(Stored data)
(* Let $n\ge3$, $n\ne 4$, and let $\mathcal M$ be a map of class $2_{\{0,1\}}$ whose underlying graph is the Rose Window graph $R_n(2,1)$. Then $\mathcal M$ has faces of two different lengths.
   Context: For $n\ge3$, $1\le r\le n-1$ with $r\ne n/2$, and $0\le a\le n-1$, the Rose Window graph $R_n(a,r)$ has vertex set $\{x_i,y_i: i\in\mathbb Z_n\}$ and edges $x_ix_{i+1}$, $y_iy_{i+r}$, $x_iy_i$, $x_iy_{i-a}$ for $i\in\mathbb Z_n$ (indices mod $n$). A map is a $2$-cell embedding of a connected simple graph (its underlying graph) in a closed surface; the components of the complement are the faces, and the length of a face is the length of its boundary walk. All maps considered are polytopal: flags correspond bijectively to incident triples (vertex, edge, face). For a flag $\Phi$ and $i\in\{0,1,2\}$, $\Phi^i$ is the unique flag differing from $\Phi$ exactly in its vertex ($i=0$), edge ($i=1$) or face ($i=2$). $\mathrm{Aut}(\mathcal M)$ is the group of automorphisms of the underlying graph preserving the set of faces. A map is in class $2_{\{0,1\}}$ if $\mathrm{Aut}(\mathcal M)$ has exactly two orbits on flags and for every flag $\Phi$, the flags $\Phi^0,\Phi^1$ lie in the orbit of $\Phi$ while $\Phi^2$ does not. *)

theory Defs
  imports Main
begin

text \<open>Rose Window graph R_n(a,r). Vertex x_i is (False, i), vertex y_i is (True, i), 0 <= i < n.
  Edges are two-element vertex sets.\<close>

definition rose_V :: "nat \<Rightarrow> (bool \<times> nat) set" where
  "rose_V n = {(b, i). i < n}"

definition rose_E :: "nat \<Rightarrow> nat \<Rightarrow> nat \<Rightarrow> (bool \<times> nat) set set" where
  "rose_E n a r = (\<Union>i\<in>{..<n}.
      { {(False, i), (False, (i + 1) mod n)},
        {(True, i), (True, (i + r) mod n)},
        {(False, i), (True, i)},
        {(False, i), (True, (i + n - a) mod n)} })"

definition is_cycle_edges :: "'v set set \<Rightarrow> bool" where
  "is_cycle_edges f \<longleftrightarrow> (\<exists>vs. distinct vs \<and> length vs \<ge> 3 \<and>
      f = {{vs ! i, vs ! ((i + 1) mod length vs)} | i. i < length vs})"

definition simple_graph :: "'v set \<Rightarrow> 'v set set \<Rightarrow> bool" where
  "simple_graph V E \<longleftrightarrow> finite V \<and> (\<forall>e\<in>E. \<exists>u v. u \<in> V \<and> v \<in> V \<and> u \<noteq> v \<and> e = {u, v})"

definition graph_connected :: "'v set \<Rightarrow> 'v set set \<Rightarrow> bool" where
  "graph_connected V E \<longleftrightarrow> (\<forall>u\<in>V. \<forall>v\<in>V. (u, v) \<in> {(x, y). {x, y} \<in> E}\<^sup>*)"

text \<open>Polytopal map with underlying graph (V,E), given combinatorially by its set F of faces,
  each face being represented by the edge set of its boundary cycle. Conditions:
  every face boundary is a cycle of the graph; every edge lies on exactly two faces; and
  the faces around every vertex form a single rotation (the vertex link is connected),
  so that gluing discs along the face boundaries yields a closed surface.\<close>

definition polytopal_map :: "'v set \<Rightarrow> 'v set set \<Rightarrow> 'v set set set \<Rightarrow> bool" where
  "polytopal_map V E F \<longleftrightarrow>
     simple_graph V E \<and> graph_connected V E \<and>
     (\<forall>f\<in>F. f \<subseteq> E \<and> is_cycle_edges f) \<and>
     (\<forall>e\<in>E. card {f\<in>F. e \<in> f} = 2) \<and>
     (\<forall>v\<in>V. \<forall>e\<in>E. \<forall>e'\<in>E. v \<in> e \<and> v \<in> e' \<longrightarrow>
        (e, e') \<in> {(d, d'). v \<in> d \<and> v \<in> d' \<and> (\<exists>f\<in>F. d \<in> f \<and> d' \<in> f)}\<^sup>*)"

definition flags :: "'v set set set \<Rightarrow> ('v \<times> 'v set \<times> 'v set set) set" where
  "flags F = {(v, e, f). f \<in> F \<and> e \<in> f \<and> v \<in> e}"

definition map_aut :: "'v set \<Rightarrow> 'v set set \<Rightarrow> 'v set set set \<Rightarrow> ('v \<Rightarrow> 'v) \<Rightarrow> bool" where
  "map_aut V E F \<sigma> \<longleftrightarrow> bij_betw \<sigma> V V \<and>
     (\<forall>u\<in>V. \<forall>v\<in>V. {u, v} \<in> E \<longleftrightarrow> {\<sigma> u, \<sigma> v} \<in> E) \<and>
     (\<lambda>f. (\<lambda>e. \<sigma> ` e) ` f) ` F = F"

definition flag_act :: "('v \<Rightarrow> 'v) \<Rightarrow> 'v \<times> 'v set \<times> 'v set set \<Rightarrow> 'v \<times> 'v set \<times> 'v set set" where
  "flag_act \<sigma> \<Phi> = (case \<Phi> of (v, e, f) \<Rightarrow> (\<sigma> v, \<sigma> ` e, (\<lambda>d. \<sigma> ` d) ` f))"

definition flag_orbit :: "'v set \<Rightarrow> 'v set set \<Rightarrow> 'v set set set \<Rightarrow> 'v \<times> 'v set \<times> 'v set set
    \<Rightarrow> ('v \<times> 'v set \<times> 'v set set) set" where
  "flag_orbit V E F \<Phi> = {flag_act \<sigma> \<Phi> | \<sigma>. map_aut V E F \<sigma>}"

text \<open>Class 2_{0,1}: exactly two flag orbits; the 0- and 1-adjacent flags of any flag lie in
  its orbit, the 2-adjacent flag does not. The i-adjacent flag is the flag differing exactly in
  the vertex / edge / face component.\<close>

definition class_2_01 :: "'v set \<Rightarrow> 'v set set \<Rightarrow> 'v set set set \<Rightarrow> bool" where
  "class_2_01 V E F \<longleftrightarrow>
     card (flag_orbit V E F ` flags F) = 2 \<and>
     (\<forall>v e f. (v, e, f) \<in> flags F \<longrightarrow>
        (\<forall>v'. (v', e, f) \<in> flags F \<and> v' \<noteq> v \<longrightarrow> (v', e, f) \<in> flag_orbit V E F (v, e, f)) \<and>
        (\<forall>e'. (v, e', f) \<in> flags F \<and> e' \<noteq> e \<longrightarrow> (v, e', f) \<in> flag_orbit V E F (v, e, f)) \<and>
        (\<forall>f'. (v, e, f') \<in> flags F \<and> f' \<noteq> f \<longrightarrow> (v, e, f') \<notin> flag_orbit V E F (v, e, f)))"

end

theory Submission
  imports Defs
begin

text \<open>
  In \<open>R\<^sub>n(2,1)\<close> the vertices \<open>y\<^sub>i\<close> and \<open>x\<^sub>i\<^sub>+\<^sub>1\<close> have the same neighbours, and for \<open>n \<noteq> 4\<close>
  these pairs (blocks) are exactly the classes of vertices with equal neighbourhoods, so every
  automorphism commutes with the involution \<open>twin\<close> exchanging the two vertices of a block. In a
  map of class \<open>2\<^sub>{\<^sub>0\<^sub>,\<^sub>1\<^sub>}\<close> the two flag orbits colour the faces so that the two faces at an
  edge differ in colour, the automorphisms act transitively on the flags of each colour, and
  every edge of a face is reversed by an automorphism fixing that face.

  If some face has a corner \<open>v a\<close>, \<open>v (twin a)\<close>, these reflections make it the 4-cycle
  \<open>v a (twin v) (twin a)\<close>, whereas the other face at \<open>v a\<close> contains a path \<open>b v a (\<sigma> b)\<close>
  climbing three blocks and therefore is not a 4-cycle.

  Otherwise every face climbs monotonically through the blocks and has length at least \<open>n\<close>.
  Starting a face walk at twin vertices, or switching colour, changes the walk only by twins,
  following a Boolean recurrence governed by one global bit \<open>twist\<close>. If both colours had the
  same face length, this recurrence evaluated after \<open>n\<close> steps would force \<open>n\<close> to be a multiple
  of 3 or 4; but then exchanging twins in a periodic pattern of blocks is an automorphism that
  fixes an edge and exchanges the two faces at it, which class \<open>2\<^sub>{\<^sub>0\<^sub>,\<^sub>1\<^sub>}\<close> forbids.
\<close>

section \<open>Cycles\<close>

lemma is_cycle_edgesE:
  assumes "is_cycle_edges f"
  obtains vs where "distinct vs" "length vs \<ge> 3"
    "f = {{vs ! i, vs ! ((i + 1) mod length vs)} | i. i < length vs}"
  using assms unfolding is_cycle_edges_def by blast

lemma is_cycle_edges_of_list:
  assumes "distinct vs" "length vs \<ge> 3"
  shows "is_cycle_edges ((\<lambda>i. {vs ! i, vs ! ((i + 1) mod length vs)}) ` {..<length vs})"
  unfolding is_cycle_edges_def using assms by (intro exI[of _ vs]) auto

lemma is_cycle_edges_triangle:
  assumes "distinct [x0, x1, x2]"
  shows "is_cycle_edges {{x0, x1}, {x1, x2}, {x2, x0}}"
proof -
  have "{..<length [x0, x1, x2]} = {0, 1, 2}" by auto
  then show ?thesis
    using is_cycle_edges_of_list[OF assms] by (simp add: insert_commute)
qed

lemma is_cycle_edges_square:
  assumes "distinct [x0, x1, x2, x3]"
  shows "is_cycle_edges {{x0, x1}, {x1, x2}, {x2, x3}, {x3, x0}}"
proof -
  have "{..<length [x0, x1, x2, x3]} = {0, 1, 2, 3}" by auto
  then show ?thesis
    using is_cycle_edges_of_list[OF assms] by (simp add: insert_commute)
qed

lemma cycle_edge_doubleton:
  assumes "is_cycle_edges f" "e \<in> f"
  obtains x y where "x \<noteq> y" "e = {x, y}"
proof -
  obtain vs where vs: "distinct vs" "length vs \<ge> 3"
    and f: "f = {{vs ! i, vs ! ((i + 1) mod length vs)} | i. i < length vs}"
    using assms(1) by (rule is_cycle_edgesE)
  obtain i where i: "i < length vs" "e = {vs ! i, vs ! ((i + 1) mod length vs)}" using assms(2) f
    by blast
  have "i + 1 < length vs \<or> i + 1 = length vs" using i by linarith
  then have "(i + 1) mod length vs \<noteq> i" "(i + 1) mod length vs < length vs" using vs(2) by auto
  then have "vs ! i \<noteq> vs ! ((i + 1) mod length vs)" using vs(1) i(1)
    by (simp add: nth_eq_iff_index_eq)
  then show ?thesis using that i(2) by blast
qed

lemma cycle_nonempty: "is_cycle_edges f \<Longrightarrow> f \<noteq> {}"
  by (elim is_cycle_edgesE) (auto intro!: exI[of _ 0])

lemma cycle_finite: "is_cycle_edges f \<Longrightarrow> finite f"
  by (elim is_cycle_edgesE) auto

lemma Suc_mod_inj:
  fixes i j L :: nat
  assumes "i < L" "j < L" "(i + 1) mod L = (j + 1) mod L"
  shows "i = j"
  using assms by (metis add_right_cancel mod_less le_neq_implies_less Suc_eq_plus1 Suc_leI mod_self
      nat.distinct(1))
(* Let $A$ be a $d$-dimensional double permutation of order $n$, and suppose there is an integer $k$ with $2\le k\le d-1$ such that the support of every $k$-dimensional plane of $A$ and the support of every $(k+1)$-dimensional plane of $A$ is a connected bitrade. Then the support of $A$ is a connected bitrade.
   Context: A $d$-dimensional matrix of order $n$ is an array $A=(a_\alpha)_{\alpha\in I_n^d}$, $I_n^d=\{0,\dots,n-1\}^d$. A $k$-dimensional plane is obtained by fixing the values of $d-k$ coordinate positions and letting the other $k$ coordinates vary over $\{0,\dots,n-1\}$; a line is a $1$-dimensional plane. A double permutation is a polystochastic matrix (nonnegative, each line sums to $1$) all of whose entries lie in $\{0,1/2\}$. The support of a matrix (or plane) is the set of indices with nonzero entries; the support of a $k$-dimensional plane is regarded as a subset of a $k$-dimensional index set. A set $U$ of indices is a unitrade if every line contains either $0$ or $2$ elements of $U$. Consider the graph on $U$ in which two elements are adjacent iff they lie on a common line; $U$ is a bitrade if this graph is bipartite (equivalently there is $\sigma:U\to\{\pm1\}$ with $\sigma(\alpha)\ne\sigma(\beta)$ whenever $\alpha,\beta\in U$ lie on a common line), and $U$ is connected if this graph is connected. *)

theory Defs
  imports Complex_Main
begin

TASK DIRECTIONS — Return only the lines of the records in which the string "Window" appears.

WRITTEN REPLY —
(* Let $n\ge3$, $n\ne 4$, and let $\mathcal M$ be a map of class $2_{\{0,1\}}$ whose underlying graph is the Rose Window graph $R_n(2,1)$. Then $\mathcal M$ has faces of two different lengths.
   Context: For $n\ge3$, $1\le r\le n-1$ with $r\ne n/2$, and $0\le a\le n-1$, the Rose Window graph $R_n(a,r)$ has vertex set $\{x_i,y_i: i\in\mathbb Z_n\}$ and edges $x_ix_{i+1}$, $y_iy_{i+r}$, $x_iy_i$, $x_iy_{i-a}$ for $i\in\mathbb Z_n$ (indices mod $n$). A map is a $2$-cell embedding of a connected simple graph (its underlying graph) in a closed surface; the components of the complement are the faces, and the length of a face is the length of its boundary walk. All maps considered are polytopal: flags correspond bijectively to incident triples (vertex, edge, face). For a flag $\Phi$ and $i\in\{0,1,2\}$, $\Phi^i$ is the unique flag differing from $\Phi$ exactly in its vertex ($i=0$), edge ($i=1$) or face ($i=2$). $\mathrm{Aut}(\mathcal M)$ is the group of automorphisms of the underlying graph preserving the set of faces. A map is in class $2_{\{0,1\}}$ if $\mathrm{Aut}(\mathcal M)$ has exactly two orbits on flags and for every flag $\Phi$, the flags $\Phi^0,\Phi^1$ lie in the orbit of $\Phi$ while $\Phi^2$ does not. *)
text \<open>Rose Window graph R_n(a,r). Vertex x_i is (False, i), vertex y_i is (True, i), 0 <= i < n.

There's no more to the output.